One can find so many things made out of dates here, like date powder — a sugar substitute — dates covered in chocolate, dates stuffed with dried fruits or nuts, and date ice cream and milkshakes. Even skincare products are made from date seed oil. They’re used in kabsa, an Arabic rice dish with slow cooked lamb. And in sweets like the popular maamoul, a thick butter cookie pastry filled with dates, or the lesser known but highly sought-after Saudi delicacy klaija, a crunchy waffle-like pastry with a soft date molasses filling that’s spiced with ginger, cinnamon, cardamom and lemon zest.
Dates are also rich in minerals and vitamins and have a high nutritional value. They have deep roots in Islamic tradition, as well. During the month of Ramadan, in which observing Muslims abstain from eating and drinking from dawn to sunset, millions around the world break their fasts with dates and a glass of water.
“There’s no point in having Snickers or other processed chocolate sweets when you can have dates,” jokes Abdullah Alqateeb, owner of a big date farm with over 10,000 palm trees.

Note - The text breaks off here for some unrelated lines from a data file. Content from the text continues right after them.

(* Let $\mu$ be a joint distribution of a triple $(X,A,Y)$ with $X\in\mathcal{X}\subseteq\mathbb{R}^d$, $A\in\{0,1\}$ with $\Pr(A=0),\Pr(A=1)>0$, and $Y\in[-1,1]$. Let $\rho\ge0$ and let $h:\mathcal{X}\to\mathbb{R}$ satisfy $|h(x)-h(x')|\le\rho\|x-x'\|$ for all $x,x'\in\mathcal{X}$ ($\rho$-individual fairness), and let $\widehat{Y}=h(X)$. Then $$|\varepsilon_{1,\mu_0}(\widehat{Y})-\varepsilon_{1,\mu_1}(\widehat{Y})|\le\sqrt{\rho^2+1}\cdot W_1(\mu_0,\mu_1).$$
   Context: $\|\cdot\|$ is the Euclidean norm. For $a\in\{0,1\}$, $\mu_a$ is the conditional distribution of $(X,Y)$ given $A=a$, viewed as a distribution on $\mathbb{R}^{d+1}$. $\varepsilon_{1,\nu}(\widehat{Y}):=\mathbb{E}_\nu[|\widehat{Y}-Y|]$. $W_1(\mu_0,\mu_1)=\inf_\gamma\int\|(x,y)-(x',y')\|\,d\gamma$ over couplings $\gamma$ of $\mu_0,\mu_1$, with Euclidean norm on $\mathbb{R}^{d+1}$. *)

theory Defs
  imports "HOL-Probability.Probability"
begin

text \<open>Conditional law of (X,Y) given A = a, on R^d x R (product norm is Euclidean).\<close>
definition cond_law ::
  "'w measure \<Rightarrow> ('w \<Rightarrow> 'a::euclidean_space) \<Rightarrow> ('w \<Rightarrow> nat) \<Rightarrow> ('w \<Rightarrow> real) \<Rightarrow> nat \<Rightarrow> ('a \<times> real) measure"
  where "cond_law M X A Y a =
    distr (uniform_measure M {\<omega> \<in> space M. A \<omega> = a}) borel (\<lambda>\<omega>. (X \<omega>, Y \<omega>))"

definition couplings :: "'b measure \<Rightarrow> 'b measure \<Rightarrow> ('b \<times> 'b) measure set"
  where "couplings P Q = {\<gamma>. sets \<gamma> = sets (P \<Otimes>\<^sub>M Q) \<and>
      distr \<gamma> P fst = P \<and> distr \<gamma> Q snd = Q}"

definition W1 :: "('b::metric_space) measure \<Rightarrow> 'b measure \<Rightarrow> ennreal"
  where "W1 P Q = (INF \<gamma> \<in> couplings P Q. \<integral>\<^sup>+ z. ennreal (dist (fst z) (snd z)) \<partial>\<gamma>)"

definition eps1 :: "('a \<times> real) measure \<Rightarrow> ('a \<Rightarrow> real) \<Rightarrow> real"
  where "eps1 \<nu> h = (\<integral>z. \<bar>h (fst z) - snd z\<bar> \<partial>\<nu>)"

end

theory Submission
  imports Defs
begin

text \<open>
  Extend h from \<X> to a \<rho>-Lipschitz function H on the whole space (McShane); since X lies in
  \<X> almost surely, replacing h by H changes neither error. For the Euclidean norm on the
  product, the residual (x, y) \<mapsto> |H x - y| is sqrt (\<rho>^2 + 1)-Lipschitz, by Cauchy-Schwarz
  applied to \<rho> \<parallel>x - x'\<parallel> + |y - y'|. Against any coupling \<gamma> of the two conditional laws, the
  difference of the errors is the \<gamma>-integral of the difference of the residuals at the two
  coordinates, hence at most sqrt (\<rho>^2 + 1) times the transport cost of \<gamma>; taking the infimum
  over \<gamma> gives the bound (the easy half of Kantorovich-Rubinstein duality).
\<close>

lemma lipschitz_on_extend_real:
  fixes f :: "'a::metric_space \<Rightarrow> real"
  assumes f: "C-lipschitz_on S f"
  obtains g where "C-lipschitz_on UNIV g" and "\<And>x. x \<in> S \<Longrightarrow> g x = f x"
proof (cases "S = {}")
  case True
  then show ?thesis
    using that[of "\<lambda>_. 0"] lipschitz_on_nonneg[OF f] by (simp add: lipschitz_on_def)
next
  case False
  then obtain s0 where s0: "s0 \<in> S" by blast
  have C: "C \<ge> 0" using lipschitz_on_nonneg[OF f] .
  have f_le: "f s \<le> f t + C * dist s t" if "s \<in> S" "t \<in> S" for s t
    using lipschitz_onD[OF f that] by (simp add: dist_real_def)
  have dist_le: "C * dist x t \<le> C * dist x y + C * dist y t" for x y t :: 'a
    using mult_left_mono[OF dist_triangle[of x t y] C] by (simp add: distrib_left)
  define g where "g x = (INF t\<in>S. f t + C * dist x t)" for x
  have bdd: "bdd_below ((\<lambda>t. f t + C * dist x t) ` S)" for x
  proof (rule bdd_belowI2)
    fix t assume "t \<in> S"
    then show "f s0 - C * dist s0 x \<le> f t + C * dist x t"
      using f_le[OF s0 \<open>t \<in> S\<close>] dist_le[of s0 t x] by linarith
  qed
  have g_le: "g x \<le> f t + C * dist x t" if "t \<in> S" for x t
    unfolding g_def using cINF_lower[OF bdd that] .
  have g_eq: "g x = f x" if "x \<in> S" for x
  proof (rule antisym)
    show "g x \<le> f x" using g_le[OF that, of x] by simp
    show "f x \<le> g x" unfolding g_def using False f_le[OF that] by (intro cINF_greatest)
  qed
  have g_le_g: "g x \<le> g y + C * dist x y" for x y
  proof -
    have "g x - C * dist x y \<le> g y"
      unfolding g_def[of y] using False
    proof (intro cINF_greatest)
      fix t assume "t \<in> S"
      then show "g x - C * dist x y \<le> f t + C * dist y t"
        using g_le[of t x] dist_le[of x t y] by linarith
    qed
    then show ?thesis by simp
  qed
  have "C-lipschitz_on UNIV g"
  proof (intro lipschitz_onI C)
    fix x y
    show "dist (g x) (g y) \<le> C * dist x y"
      using g_le_g[of x y] g_le_g[of y x] by (simp add: dist_real_def dist_commute abs_le_iff)
  qed
  with g_eq show ?thesis using that by blast
qed

lemma lipschitz_on_abs_residual:
  fixes H :: "'a::metric_space \<Rightarrow> real"
  assumes "C-lipschitz_on UNIV H"
  shows "(sqrt (C\<^sup>2 + 1))-lipschitz_on UNIV (\<lambda>z. \<bar>H (fst z) - snd z\<bar>)"
proof (rule lipschitz_onI)
  fix z z' :: "'a \<times> real"
  obtain x y x' y' where z: "z = (x, y)" "z' = (x', y')" by fastforce
  define a b where "a = dist x x'" and "b = dist y y'"
  have "dist \<bar>H x - y\<bar> \<bar>H x' - y'\<bar> \<le> dist (H x) (H x') + b"
    by (simp add: b_def dist_real_def)
  also have "\<dots> \<le> C * a + b"
    using lipschitz_onD[OF assms] by (simp add: a_def)
  also have "\<dots> \<le> sqrt ((C\<^sup>2 + 1) * (a\<^sup>2 + b\<^sup>2))"
  proof (rule real_le_rsqrt)
    have "0 \<le> (C * b - a)\<^sup>2" by simp
    then show "(C * a + b)\<^sup>2 \<le> (C\<^sup>2 + 1) * (a\<^sup>2 + b\<^sup>2)"
      by (simp add: power2_eq_square algebra_simps)
  qed
  also have "\<dots> = sqrt (C\<^sup>2 + 1) * dist z z'"
    by (simp add: z dist_Pair_Pair a_def b_def real_sqrt_mult)
  finally show "dist \<bar>H (fst z) - snd z\<bar> \<bar>H (fst z') - snd z'\<bar> \<le> sqrt (C\<^sup>2 + 1) * dist z z'"
    by (simp add: z)
qed simp

lemma lipschitz_integral_diff_le_coupling:
  fixes F :: "'b::{metric_space, second_countable_topology} \<Rightarrow> real"
  assumes sets_P: "sets P = sets borel" and sets_Q: "sets Q = sets borel"
    and \<gamma>: "\<gamma> \<in> couplings P Q" and F: "C-lipschitz_on UNIV F"
    and P: "integrable P F" and Q: "integrable Q F"
  shows "ennreal \<bar>(\<integral>z. F z \<partial>P) - (\<integral>z. F z \<partial>Q)\<bar>
      \<le> ennreal C * (\<integral>\<^sup>+ w. ennreal (dist (fst w) (snd w)) \<partial>\<gamma>)"
proof -
  from \<gamma> have sets_\<gamma>: "sets \<gamma> = sets (P \<Otimes>\<^sub>M Q)"
    and P_eq: "distr \<gamma> P fst = P" and Q_eq: "distr \<gamma> Q snd = Q"
    by (auto simp: couplings_def)
  have fst: "fst \<in> measurable \<gamma> P" and snd: "snd \<in> measurable \<gamma> Q"
    by (simp_all add: measurable_cong_sets[OF sets_\<gamma> refl])
  have FP: "F \<in> borel_measurable P" and FQ: "F \<in> borel_measurable Q"
    using P Q by auto
  have int_fst: "integrable \<gamma> (\<lambda>w. F (fst w))" and int_snd: "integrable \<gamma> (\<lambda>w. F (snd w))"
    using P Q P_eq Q_eq by (simp_all add: integrable_distr_eq[OF fst FP, symmetric]
        integrable_distr_eq[OF snd FQ, symmetric])
  have "(\<integral>z. F z \<partial>P) - (\<integral>z. F z \<partial>Q) = (\<integral>w. F (fst w) - F (snd w) \<partial>\<gamma>)"
    using integral_distr[OF fst FP] integral_distr[OF snd FQ] P_eq Q_eq int_fst int_snd by simp
  then have "ennreal \<bar>(\<integral>z. F z \<partial>P) - (\<integral>z. F z \<partial>Q)\<bar> \<le> ennreal (\<integral>w. \<bar>F (fst w) - F (snd w)\<bar> \<partial>\<gamma>)"
    using integral_abs_bound ennreal_leI by metis
  also have "\<dots> = (\<integral>\<^sup>+ w. ennreal \<bar>F (fst w) - F (snd w)\<bar> \<partial>\<gamma>)"
    using int_fst int_snd by (intro nn_integral_eq_integral[symmetric]) auto
  also have "\<dots> \<le> (\<integral>\<^sup>+ w. ennreal C * ennreal (dist (fst w) (snd w)) \<partial>\<gamma>)"
    using lipschitz_onD[OF F] lipschitz_on_nonneg[OF F]
    by (intro nn_integral_mono) (simp add: dist_real_def flip: ennreal_mult)
  also have "\<dots> = ennreal C * (\<integral>\<^sup>+ w. ennreal (dist (fst w) (snd w)) \<partial>\<gamma>)"
  proof (rule nn_integral_cmult)
    have "sets \<gamma> = sets (borel \<Otimes>\<^sub>M borel)"
      using sets_\<gamma> sets_pair_measure_cong[OF sets_P sets_Q] by simp
    moreover have "(\<lambda>w::'b \<times> 'b. dist (fst w) (snd w)) \<in> borel_measurable (borel \<Otimes>\<^sub>M borel)"
      unfolding borel_prod by (intro borel_measurable_continuous_onI continuous_intros)
    ultimately show "(\<lambda>w. ennreal (dist (fst w) (snd w))) \<in> borel_measurable \<gamma>"
      by (subst measurable_cong_sets) auto
  qed
  finally show ?thesis .
qed

lemma lipschitz_integral_diff_le_W1:
  fixes F :: "'b::{metric_space, second_countable_topology} \<Rightarrow> real"
  assumes sets_P: "sets P = sets borel" and sets_Q: "sets Q = sets borel"
    and C: "0 < C"
      \<comment> \<open>C = 0 is excluded: without couplings W1 P Q = \<infinity>, and 0 * \<infinity> = 0 in ennreal\<close>
    and F: "C-lipschitz_on UNIV F"
    and P: "integrable P F" and Q: "integrable Q F"
  shows "ennreal \<bar>(\<integral>z. F z \<partial>P) - (\<integral>z. F z \<partial>Q)\<bar> \<le> ennreal C * W1 P Q"
proof -
  define d where "d = ennreal \<bar>(\<integral>z. F z \<partial>P) - (\<integral>z. F z \<partial>Q)\<bar>"
  have "d / ennreal C \<le> W1 P Q"
    unfolding W1_def d_def using C
    by (intro INF_greatest divide_le_posI_ennreal lipschitz_integral_diff_le_coupling[OF sets_P sets_Q _ F P Q])
      simp_all
  then have "ennreal C * (d / ennreal C) \<le> ennreal C * W1 P Q"
    by (rule mult_left_mono) simp
  moreover have "ennreal C * (d / ennreal C) = d"
    using C by (simp add: ennreal_times_divide mult.commute mult_divide_eq_ennreal)
  ultimately show ?thesis by (simp add: d_def)
qed

lemma sets_cond_law [simp]: "sets (cond_law M X A Y a) = sets borel"
  by (simp add: cond_law_def)

lemma AE_cond_law:
  assumes [measurable]: "X \<in> borel_measurable M" "A \<in> measurable M (count_space UNIV)"
      "Y \<in> borel_measurable M"
    and [measurable]: "Measurable.pred borel P"
    and "AE \<omega> in M. P (X \<omega>, Y \<omega>)"
  shows "AE z in cond_law M X A Y a. P z"
proof -
  have E: "{\<omega> \<in> space M. A \<omega> = a} \<in> sets M" by measurable
  have "(\<lambda>\<omega>. (X \<omega>, Y \<omega>)) \<in> measurable (uniform_measure M {\<omega> \<in> space M. A \<omega> = a}) borel"
    by (simp add: measurable_cong_sets[OF sets_uniform_measure refl])
  moreover have "AE \<omega> in uniform_measure M {\<omega> \<in> space M. A \<omega> = a}. P (X \<omega>, Y \<omega>)"
    using assms(5) by (intro AE_uniform_measureI[OF E]) auto
  ultimately show ?thesis
    unfolding cond_law_def by (subst AE_distr_iff) auto
qed

lemma eps1_cond_law_cong:
  fixes X :: "'w \<Rightarrow> 'a::euclidean_space"
  assumes "X \<in> borel_measurable M" "A \<in> measurable M (count_space UNIV)" "Y \<in> borel_measurable M"
    and "AE \<omega> in M. X \<omega> \<in> S"
    and "h \<in> borel_measurable borel" "H \<in> borel_measurable borel"
    and "\<And>x. x \<in> S \<Longrightarrow> H x = h x"
  shows "eps1 (cond_law M X A Y a) h = eps1 (cond_law M X A Y a) H"
    and "integrable (cond_law M X A Y a) (\<lambda>z. \<bar>h (fst z) - snd z\<bar>) \<longleftrightarrow>
      integrable (cond_law M X A Y a) (\<lambda>z. \<bar>H (fst z) - snd z\<bar>)"
proof -
  have residual_measurable: "(\<lambda>z::'a \<times> real. \<bar>f (fst z) - snd z\<bar>) \<in> borel_measurable borel"
    if [measurable]: "f \<in> borel_measurable borel" for f :: "'a \<Rightarrow> real"
    unfolding borel_prod[symmetric] by measurable
  have ae: "AE z in cond_law M X A Y a. \<bar>h (fst z) - snd z\<bar> = \<bar>H (fst z) - snd z\<bar>"
    using assms(4,7) residual_measurable[OF assms(5)] residual_measurable[OF assms(6)]
    by (intro AE_cond_law[OF assms(1-3)]) (auto elim: AE_mp)
  have "(\<lambda>z. \<bar>f (fst z) - snd z\<bar>) \<in> borel_measurable (cond_law M X A Y a)"
    if "f \<in> borel_measurable borel" for f :: "'a \<Rightarrow> real"
    using residual_measurable[OF that] by (simp add: measurable_cong_sets[OF sets_cond_law refl])
  note measurable = this[OF assms(5)] this[OF assms(6)]
  show "eps1 (cond_law M X A Y a) h = eps1 (cond_law M X A Y a) H"
    unfolding eps1_def by (rule integral_cong_AE[OF measurable ae])
  show "integrable (cond_law M X A Y a) (\<lambda>z. \<bar>h (fst z) - snd z\<bar>) \<longleftrightarrow>
      integrable (cond_law M X A Y a) (\<lambda>z. \<bar>H (fst z) - snd z\<bar>)"
    by (rule integrable_cong_AE[OF measurable ae])
qed

theorem proposition3:
  fixes M :: "'w measure"
    and X :: "'w \<Rightarrow> 'a::euclidean_space" and A :: "'w \<Rightarrow> nat" and Y :: "'w \<Rightarrow> real"
    and \<X> :: "'a set" and h :: "'a \<Rightarrow> real" and \<rho> :: real
  assumes "prob_space M"
    and "X \<in> borel_measurable M" and "A \<in> measurable M (count_space UNIV)"
    and "Y \<in> borel_measurable M"
    and "AE \<omega> in M. X \<omega> \<in> \<X>"
    and "AE \<omega> in M. A \<omega> \<in> {0, 1}"
    and "AE \<omega> in M. Y \<omega> \<in> {-1..1}"
    and "measure M {\<omega> \<in> space M. A \<omega> = 0} > 0"
    and "measure M {\<omega> \<in> space M. A \<omega> = 1} > 0"
    and "\<rho> \<ge> 0"
    and "h \<in> borel_measurable borel"
    and "\<forall>x\<in>\<X>. \<forall>x'\<in>\<X>. \<bar>h x - h x'\<bar> \<le> \<rho> * norm (x - x')"
    and "integrable (cond_law M X A Y 0) (\<lambda>z. \<bar>h (fst z) - snd z\<bar>)"
    and "integrable (cond_law M X A Y 1) (\<lambda>z. \<bar>h (fst z) - snd z\<bar>)"
  shows "ennreal \<bar>eps1 (cond_law M X A Y 0) h - eps1 (cond_law M X A Y 1) h\<bar>
           \<le> ennreal (sqrt (\<rho>\<^sup>2 + 1)) * W1 (cond_law M X A Y 0) (cond_law M X A Y 1)"
proof -
  have "\<rho>-lipschitz_on \<X> h"
    using assms(10,12) by (intro lipschitz_onI) (simp_all add: dist_norm dist_real_def)
  then obtain H where H: "\<rho>-lipschitz_on UNIV H" and H_eq: "\<And>x. x \<in> \<X> \<Longrightarrow> H x = h x"
    by (rule lipschitz_on_extend_real) auto
  have H_borel: "H \<in> borel_measurable borel"
    using H by (intro borel_measurable_continuous_onI lipschitz_on_continuous_on)
  note eps1_H = eps1_cond_law_cong[OF assms(2-5,11) H_borel H_eq]
  have "(sqrt (\<rho>\<^sup>2 + 1))-lipschitz_on UNIV (\<lambda>z. \<bar>H (fst z) - snd z\<bar>)"
    using H by (rule lipschitz_on_abs_residual)
  then have "ennreal \<bar>eps1 (cond_law M X A Y 0) H - eps1 (cond_law M X A Y 1) H\<bar>
      \<le> ennreal (sqrt (\<rho>\<^sup>2 + 1)) * W1 (cond_law M X A Y 0) (cond_law M X A Y 1)"
    unfolding eps1_def using assms(13,14)
    by (intro lipschitz_integral_diff_le_W1) (simp_all add: eps1_H(2) add_nonneg_pos)
  then show ?thesis by (simp only: eps1_H(1))
qed

end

He’s also the head of the date farmers’ union in the Al Qassim region.
The production of dates, however, takes a lot of work. Dates come from palm trees, a dioecious species, meaning there are male trees and female trees. After pollination, it takes around six years for a female tree to produce fruit. Alqateeb says date farmers need to care for the trees on a daily basis, maintaining the tree from the root to the branches to ensure the highest quality of dates.
“Dates are a blessing,” he says. “We’re lucky to have them.”